Almost all the girls at my primary school had been Kenyans, so I was already more or less familiar with these differences. What was new to me at Muslim Girls’ Secondary was that more than half of my classmates were from the Arabian peninsula and South Asia. With these children, too, it seemed every ethnic group was clearly distinct and splintered along lines of class and tribe. The Indians had an inaccessibly complicated system of social classes, all of them unbelievers to Muslim eyes. The Pakistanis were Muslims, but they, too, had castes. The Untouchable girls, both Indian and Pakistani, were darker-skinned. The others wouldn’t play with them because they were Untouchable. We thought that was funny—because of course they were touchable: we touched them, see?—but also horrifying, to think of yourself as untouchable, despicable to the human race.
The Somali
s divided into clans and subclans, but there was also a new distinction between recent Somali exiles, who were the families of warriors, and older immigrants who had grown up in Kenya and whose grasp of the Somali language was poor. Some of the Arab girls had clans, as we did. If you were a Yemeni called Sharif then you were superior to a Yemeni called Zubaydi. Any kind of Arab girl considered herself superior to everyone else: she was born closer to the Prophet Muhammad.
On the school playground, the Somalis and Yemenis were close, and the Indians and Pakistanis were close.

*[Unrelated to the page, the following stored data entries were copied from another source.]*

(* Let $M\ge 2N-1$. Then for a generic $M$-element frame $\mathcal F$ for $\mathbb R^N$, the map $\mathbb M^{\mathcal F}$ is injective; that is, there is an open dense subset of the set of $M$-element frames for $\mathbb R^N$ such that for every $\mathcal F=\{f_1,\dots,f_M\}$ in it, $|\langle x,f_k\rangle|=|\langle y,f_k\rangle|$ for all $k$ implies $y=\pm x$.
   Context: An $M$-element frame for $\mathbb R^N$ is a family $\{f_1,\dots,f_M\}\subset\mathbb R^N$ spanning $\mathbb R^N$ (equivalently an $N\times M$ real matrix of rank $N$), with the topology induced from its range of coefficients $W=\{(\langle x,f_k\rangle)_k : x\in\mathbb R^N\}$ in the Grassmannian $Gr(N,M)$ of $N$-dimensional subspaces of $\mathbb R^M$. $\mathbb M^{\mathcal F}:\mathbb R^N/\{\pm1\}\to\mathbb R^M$, $\mathbb M^{\mathcal F}(\hat x)=(|\langle x,f_k\rangle|)_{k=1}^M$. *)

theory Defs
  imports "HOL-Analysis.Analysis"
begin

text \<open>An M-element frame for R^N is represented as an N x M real matrix
  F :: real^'m^'n whose columns f_k = column k F span R^N.\<close>

definition is_frame :: "real^'m^'n \<Rightarrow> bool" where
  "is_frame F \<longleftrightarrow> span (range (\<lambda>k. column k F)) = UNIV"

definition frames :: "(real^'m^'n) set" where
  "frames = {F. is_frame F}"

definition coeff_range :: "real^'m^'n \<Rightarrow> (real^'m) set" where
  "coeff_range F = range (\<lambda>x::real^'n. \<chi> k. x \<bullet> column k F)"

text \<open>Topology on frames induced from the Grassmannian Gr(N,M) via F \<mapsto> W(F).
  The Grassmannian carries its standard topology, i.e. the quotient topology of the
  full-rank matrices (Euclidean topology) under F \<mapsto> W(F).  Hence a set of frames
  is open in the induced (pull-back) topology iff it is of the form W^{-1}(V) with V
  open in Gr(N,M), iff it is open in the Euclidean subspace topology of the frames
  and saturated (a union of fibres of W).\<close>

definition frame_open :: "(real^'m^'n) set \<Rightarrow> bool" where
  "frame_open U \<longleftrightarrow>
     U \<subseteq> frames \<and>
     openin (top_of_set frames) U \<and>
     (\<forall>F\<in>U. \<forall>G\<in>frames. coeff_range G = coeff_range F \<longrightarrow> G \<in> U)"

definition frame_dense :: "(real^'m^'n) set \<Rightarrow> bool" where
  "frame_dense U \<longleftrightarrow> (\<forall>V. frame_open V \<and> V \<noteq> {} \<longrightarrow> U \<inter> V \<noteq> {})"

end

theory Submission
  imports Defs
begin

text \<open>A frame is generic when it has full spark: every N of its M vectors form a basis of R^N.
  Full spark means that finitely many N x N minors of the N x M matrix do not vanish; each
  minor is a polynomial in the entries that is not identically zero, so full spark frames form
  an open dense set. Full spark depends only on the range of coefficients W, because it says
  that no nonzero vector of W has N zero coordinates, so this set is also open in the
  Grassmannian topology.
  If |<x,f_k>| = |<y,f_k>| for all k, then every f_k is orthogonal to x - y or to x + y. When
  both are nonzero, full spark allows each to be orthogonal to at most N - 1 of the f_k,
  giving M \<le> 2N - 2.\<close>

lemma real_polynomial_function_finite_zeros:
  fixes p :: "real \<Rightarrow> real"
  assumes "real_polynomial_function p" "p c \<noteq> 0"
  shows "finite {t. p t = 0}"
proof -
  obtain a n where p: "p = (\<lambda>t. \<Sum>i\<le>n. a i * t ^ i)"
    using assms(1) real_polynomial_function_iff_sum by blast
  with assms(2) have "\<exists>k. k \<le> n \<and> a k \<noteq> 0"
    by (metis (no_types, lifting) mult_zero_left sum.neutral atMost_iff)
  then show ?thesis
    unfolding p by (rule polyfun_rootbound_finite)
qed

lemma closure_nonzero_real_polynomial_function:
  fixes p :: "'a::real_normed_vector \<Rightarrow> real"
  assumes p: "real_polynomial_function p" and "p a \<noteq> 0"
  shows "closure {x. p x \<noteq> 0} = UNIV"
proof -
  have "interior {x. p x = 0} = {}"
  proof (rule ccontr)
    assume "interior {x. p x = 0} \<noteq> {}"
    then obtain g where g: "g \<in> interior {x. p x = 0}" by blast
    define line where "line t = g + t *\<^sub>R (a - g)" for t :: real
    have "polynomial_function line"
      unfolding line_def by (intro polynomial_function_add polynomial_function_const
          polynomial_function_mult polynomial_function_id)
    then have "real_polynomial_function (p \<circ> line)"
      using p by blast
    moreover have "(p \<circ> line) 1 \<noteq> 0"
      using \<open>p a \<noteq> 0\<close> by (simp add: line_def)
    ultimately have "finite {t. (p \<circ> line) t = 0}"
      by (rule real_polynomial_function_finite_zeros)
    moreover have "line -` interior {x. p x = 0} \<subseteq> {t. (p \<circ> line) t = 0}"
      using interior_subset by fastforce
    ultimately have "finite (line -` interior {x. p x = 0})"
      by (rule finite_subset[rotated])
    moreover have "open (line -` interior {x. p x = 0})"
      unfolding line_def by (intro open_vimage continuous_intros) auto
    moreover have "0 \<in> line -` interior {x. p x = 0}"
      using g by (simp add: line_def)
    ultimately show False
      using finite_imp_not_open by blast
  qed
  then show ?thesis
    using closure_complement[of "{x. p x = 0}"] by (simp add: Compl_eq)
qed

lemma real_polynomial_function_det:
  fixes A :: "'a::real_normed_vector \<Rightarrow> real^'n^'n"
  assumes "\<And>i j. real_polynomial_function (\<lambda>x. A x $ i $ j)"
  shows "real_polynomial_function (\<lambda>x. det (A x))"
  unfolding det_def using assms
  by (intro real_polynomial_function_sum real_polynomial_function.intros(2,4)
      real_polynomial_function_prod) auto

lemma det_eq_0_iff_left_null:
  fixes A :: "real^'n^'n"
  shows "det A = 0 \<longleftrightarrow> (\<exists>x. x \<noteq> 0 \<and> x v* A = 0)"
  by (metis transpose_transpose det_transpose invertible_det_nz invertible_left_inverse
      matrix_left_invertible_ker vector_transpose_matrix)

definition select_columns :: "('n \<Rightarrow> 'm) \<Rightarrow> real^'m^'n \<Rightarrow> real^'n^'n" where
  "select_columns \<sigma> F = (\<chi> i j. F $ i $ \<sigma> j)"

lemma vector_matrix_mult_select_columns:
  "(x v* select_columns \<sigma> F) $ j = x \<bullet> column (\<sigma> j) F"
  by (simp add: vector_matrix_mult_def select_columns_def column_def inner_vec_def mult.commute)

lemma det_select_columns_eq_0_iff:
  "det (select_columns \<sigma> F) = 0 \<longleftrightarrow> (\<exists>x. x \<noteq> 0 \<and> (\<forall>j. x \<bullet> column (\<sigma> j) F = 0))"
  by (simp add: det_eq_0_iff_left_null vec_eq_iff vector_matrix_mult_select_columns)

lemma real_polynomial_function_det_select_columns:
  "real_polynomial_function (\<lambda>F::real^'m^'n. det (select_columns \<sigma> F))"
proof (rule real_polynomial_function_det)
  fix i j
  have "bounded_linear (\<lambda>F::real^'m^'n. F $ i $ \<sigma> j)"
    using bounded_linear_compose bounded_linear_vec_nth by blast
  then show "real_polynomial_function (\<lambda>F::real^'m^'n. select_columns \<sigma> F $ i $ j)"
    by (simp add: select_columns_def real_polynomial_function.intros)
qed

definition full_spark :: "real^'m^'n \<Rightarrow> bool" where
  "full_spark F \<longleftrightarrow> (\<forall>\<sigma>::'n \<Rightarrow> 'm. inj \<sigma> \<longrightarrow> det (select_columns \<sigma> F) \<noteq> 0)"

lemma full_spark_iff_card_orthogonal_columns:
  fixes F :: "real^'m^'n"
  shows "full_spark F \<longleftrightarrow> (\<forall>x. x \<noteq> 0 \<longrightarrow> card {k. x \<bullet> column k F = 0} < CARD('n))"
proof -
  have injections: "(\<exists>\<sigma>::'n \<Rightarrow> 'm. inj \<sigma> \<and> range \<sigma> \<subseteq> Z) \<longleftrightarrow> CARD('n) \<le> card Z"
    for Z :: "'m set"
  proof
    assume "\<exists>\<sigma>::'n \<Rightarrow> 'm. inj \<sigma> \<and> range \<sigma> \<subseteq> Z"
    then show "CARD('n) \<le> card Z"
      by (metis card_image card_mono finite)
  next
    assume "CARD('n) \<le> card Z"
    then show "\<exists>\<sigma>::'n \<Rightarrow> 'm. inj \<sigma> \<and> range \<sigma> \<subseteq> Z"
      using card_le_inj[of "UNIV::'n set" Z] by auto
  qed
  have "full_spark F \<longleftrightarrow>
      (\<forall>x. x \<noteq> 0 \<longrightarrow> \<not> (\<exists>\<sigma>::'n \<Rightarrow> 'm. inj \<sigma> \<and> range \<sigma> \<subseteq> {k. x \<bullet> column k F = 0}))"
    unfolding full_spark_def det_select_columns_eq_0_iff by blast
  then show ?thesis
    unfolding injections by (simp add: not_le)
qed

lemma open_det_select_columns_neq_0:
  "open {F::real^'m^'n. det (select_columns \<sigma> F) \<noteq> 0}"
  by (intro open_Collect_neq continuous_on_const continuous_at_imp_continuous_on ballI
      continuous_real_polymonial_function real_polynomial_function_det_select_columns)

lemma closure_det_select_columns_neq_0:
  fixes \<sigma> :: "'n::finite \<Rightarrow> 'm::finite"
  assumes "inj \<sigma>"
  shows "closure {F::real^'m^'n. det (select_columns \<sigma> F) \<noteq> 0} = UNIV"
proof (rule closure_nonzero_real_polynomial_function)
  show "real_polynomial_function (\<lambda>F::real^'m^'n. det (select_columns \<sigma> F))"
    by (rule real_polynomial_function_det_select_columns)
  have "select_columns \<sigma> (\<chi> i k. if k = \<sigma> i then 1 else 0) = mat 1"
    using assms by (auto simp: select_columns_def mat_def vec_eq_iff inj_eq)
  then show "det (select_columns \<sigma> (\<chi> i k. if k = \<sigma> i then 1 else 0)) \<noteq> 0"
    by simp
qed

lemma Collect_full_spark_eq_INT:
  "{F::real^'m^'n. full_spark F} =
    (\<Inter>\<sigma>\<in>{\<sigma>::'n::finite \<Rightarrow> 'm::finite. inj \<sigma>}. {F. det (select_columns \<sigma> F) \<noteq> 0})"
  unfolding full_spark_def by auto

lemma open_full_spark: "open {F::real^'m^'n. full_spark F}"
  unfolding Collect_full_spark_eq_INT by (simp add: open_INT open_det_select_columns_neq_0)

lemma closure_full_spark: "closure {F::real^'m^'n. full_spark F} = UNIV"
proof -
  have "UNIV \<subseteq> closure (\<Inter>\<sigma>\<in>{\<sigma>::'n::finite \<Rightarrow> 'm::finite. inj \<sigma>}. {F::real^'m^'n. det (select_columns \<sigma> F) \<noteq> 0})"
    by (intro Baire) (auto simp: open_det_select_columns_neq_0 closure_det_select_columns_neq_0)
  then show ?thesis
    unfolding Collect_full_spark_eq_INT by auto
qed

lemma is_frame_orthogonal_columns_imp_zero:
  fixes F :: "real^'m^'n"
  assumes "is_frame F" "\<And>k. x \<bullet> column k F = 0"
  shows "x = 0"
proof -
  have "orthogonal x x"
    by (rule orthogonal_to_span[of x "range (\<lambda>k. column k F)"])
       (use assms in \<open>auto simp: is_frame_def orthogonal_def\<close>)
  then show ?thesis
    by (simp add: orthogonal_def)
qed

lemma full_spark_imp_is_frame:
  fixes F :: "real^'m^'n"
  assumes "CARD('n) \<le> CARD('m)" "full_spark F"
  shows "is_frame F"
proof (rule ccontr)
  assume "\<not> is_frame F"
  then have "span (range (\<lambda>k. column k F)) \<subset> span UNIV"
    unfolding is_frame_def by auto
  then obtain x :: "real^'n" where "x \<noteq> 0"
    and "\<And>y. y \<in> span (range (\<lambda>k. column k F)) \<Longrightarrow> orthogonal x y"
    by (rule orthogonal_to_subspace_exists_gen) auto
  then have "{k. x \<bullet> column k F = 0} = UNIV"
    by (auto simp: orthogonal_def span_base)
  with assms \<open>x \<noteq> 0\<close> show False
    by (auto simp: full_spark_iff_card_orthogonal_columns)
qed

lemma full_spark_coeff_range_eq:
  fixes F G :: "real^'m^'n"
  assumes "full_spark F" "is_frame G" "coeff_range G = coeff_range F"
  shows "full_spark G"
  unfolding full_spark_iff_card_orthogonal_columns
proof (intro allI impI)
  fix x :: "real^'n"
  assume "x \<noteq> 0"
  have "(\<chi> k. x \<bullet> column k G) \<in> coeff_range F"
    using assms(3) unfolding coeff_range_def by auto
  then obtain y where "(\<chi> k. x \<bullet> column k G) = (\<chi> k. y \<bullet> column k F)"
    unfolding coeff_range_def by auto
  then have same: "\<And>k. x \<bullet> column k G = y \<bullet> column k F"
    by (simp add: vec_eq_iff)
  then have "y \<noteq> 0"
    using is_frame_orthogonal_columns_imp_zero[OF assms(2)] \<open>x \<noteq> 0\<close> by force
  with assms(1) show "card {k. x \<bullet> column k G = 0} < CARD('n)"
    unfolding same full_spark_iff_card_orthogonal_columns by blast
qed

lemma frame_open_full_spark:
  assumes "CARD('n) \<le> CARD('m)"
  shows "frame_open {F::real^'m^'n. full_spark F}"
  unfolding frame_open_def
proof (intro conjI ballI impI)
  show subset: "{F::real^'m^'n. full_spark F} \<subseteq> frames"
    using full_spark_imp_is_frame[OF assms] by (auto simp: frames_def)
  show "openin (top_of_set frames) {F::real^'m^'n. full_spark F}"
    using open_full_spark subset by (auto simp: openin_open)
next
  fix F G :: "real^'m^'n"
  assume "F \<in> {F. full_spark F}" "G \<in> frames" "coeff_range G = coeff_range F"
  then show "G \<in> {F. full_spark F}"
    using full_spark_coeff_range_eq by (auto simp: frames_def)
qed

lemma frame_dense_if_closure_eq_UNIV:
  fixes U :: "(real^'m^'n) set"
  assumes "U \<subseteq> frames" "closure U = UNIV"
  shows "frame_dense U"
  unfolding frame_dense_def
proof (intro allI impI)
  fix V :: "(real^'m^'n) set"
  assume "frame_open V \<and> V \<noteq> {}"
  then obtain F where "F \<in> V" "openin (top_of_set frames) V"
    unfolding frame_open_def by blast
  then obtain e where "e > 0" and ball: "\<And>G. G \<in> frames \<Longrightarrow> dist G F < e \<Longrightarrow> G \<in> V"
    unfolding openin_euclidean_subtopology_iff by blast
  then obtain G where "G \<in> U" "dist G F < e"
    using assms(2) closure_approachable[of F U] by blast
  with assms(1) ball show "U \<inter> V \<noteq> {}"
    by blast
qed

lemma frame_dense_full_spark:
  assumes "CARD('n) \<le> CARD('m)"
  shows "frame_dense {F::real^'m^'n. full_spark F}"
  using full_spark_imp_is_frame[OF assms] closure_full_spark
  by (intro frame_dense_if_closure_eq_UNIV) (auto simp: frames_def)

lemma full_spark_phase_retrieval:
  fixes F :: "real^'m^'n"
  assumes "2 * CARD('n) - 1 \<le> CARD('m)" "full_spark F"
    and "\<And>k. \<bar>x \<bullet> column k F\<bar> = \<bar>y \<bullet> column k F\<bar>"
  shows "y = x \<or> y = - x"
proof (rule ccontr)
  let ?S = "{k. (x - y) \<bullet> column k F = 0}" and ?T = "{k. (x + y) \<bullet> column k F = 0}"
  assume "\<not> (y = x \<or> y = - x)"
  then have "x - y \<noteq> 0" "x + y \<noteq> 0"
    by (auto simp: add_eq_0_iff)
  with assms(2) have "card ?S < CARD('n)" "card ?T < CARD('n)"
    unfolding full_spark_iff_card_orthogonal_columns by blast+
  moreover have "k \<in> ?S \<union> ?T" for k
  proof -
    have "x \<bullet> column k F = y \<bullet> column k F \<or> x \<bullet> column k F = - (y \<bullet> column k F)"
      using assms(3)[of k] by arith
    then show ?thesis
      by (auto simp: inner_diff_left inner_add_left)
  qed
  then have "CARD('m) \<le> card ?S + card ?T"
    by (metis UNIV_eq_I card_Un_le)
  ultimately show False
    using assms(1) by linarith
qed

theorem theorem2p2:
  assumes "CARD('m::finite) \<ge> 2 * CARD('n::finite) - 1"
  shows "\<exists>U :: (real^'m^'n) set. frame_open U \<and> frame_dense U \<and>
           (\<forall>F\<in>U. \<forall>x y :: real^'n.
              (\<forall>k. \<bar>x \<bullet> column k F\<bar> = \<bar>y \<bullet> column k F\<bar>) \<longrightarrow> y = x \<or> y = - x)"
proof -
  have "0 < CARD('n)"
    by simp
  with assms have "CARD('n) \<le> CARD('m)"
    by linarith
  then show ?thesis
    using frame_open_full_spark frame_dense_full_spark full_spark_phase_retrieval[OF assms]
    by blast
qed

end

The Yemenis, Somalis, Indians, and Pakistanis played with each other and interacted, but in the hierarchy of Muslim Girls’ Secondary School, the Kenyans were the lowest.
These sharp fragmentations of the student body extended even to our lunch boxes. At lunch break we sat in the school garden, which was like a park with benches shaded by trees where we could eat. The Pakistani and Indian girls’ corner smelled of curry and bhajias. The Yemeni and Somali girls’ food had fragrances of coriander and ginger. The Kenyan girls carried ugali and ate it with sukumawiki, the food with the strongest smell of all.
If we got pocket money, the lunch boxes remained closed because we bought fish and chips served on a newspaper at the school canteen. Sometimes we bought cassava with chili and lemon, and green mangoes sold at the gate of the school. It was a strange scene, with all the girls extending money through the bars of the locked gate and the large, Kenyan mama on the other side enduring our yelling and serving each girl with a smile.
My mother was appalled by our contact with all these children. Perhaps worst of all, for her, was the specter of the Somali kids who had lost their language, who spoke only what to her was the Kenyans’ mongrel Swahili. My mother had her clan’s love of words. She insisted that we speak perfect Somali at home, mocking us mercilessly for the slightest slip. She began teaching us to memorize poetry, old chants of war and death, raids, herding, green pastures, herds of many camels.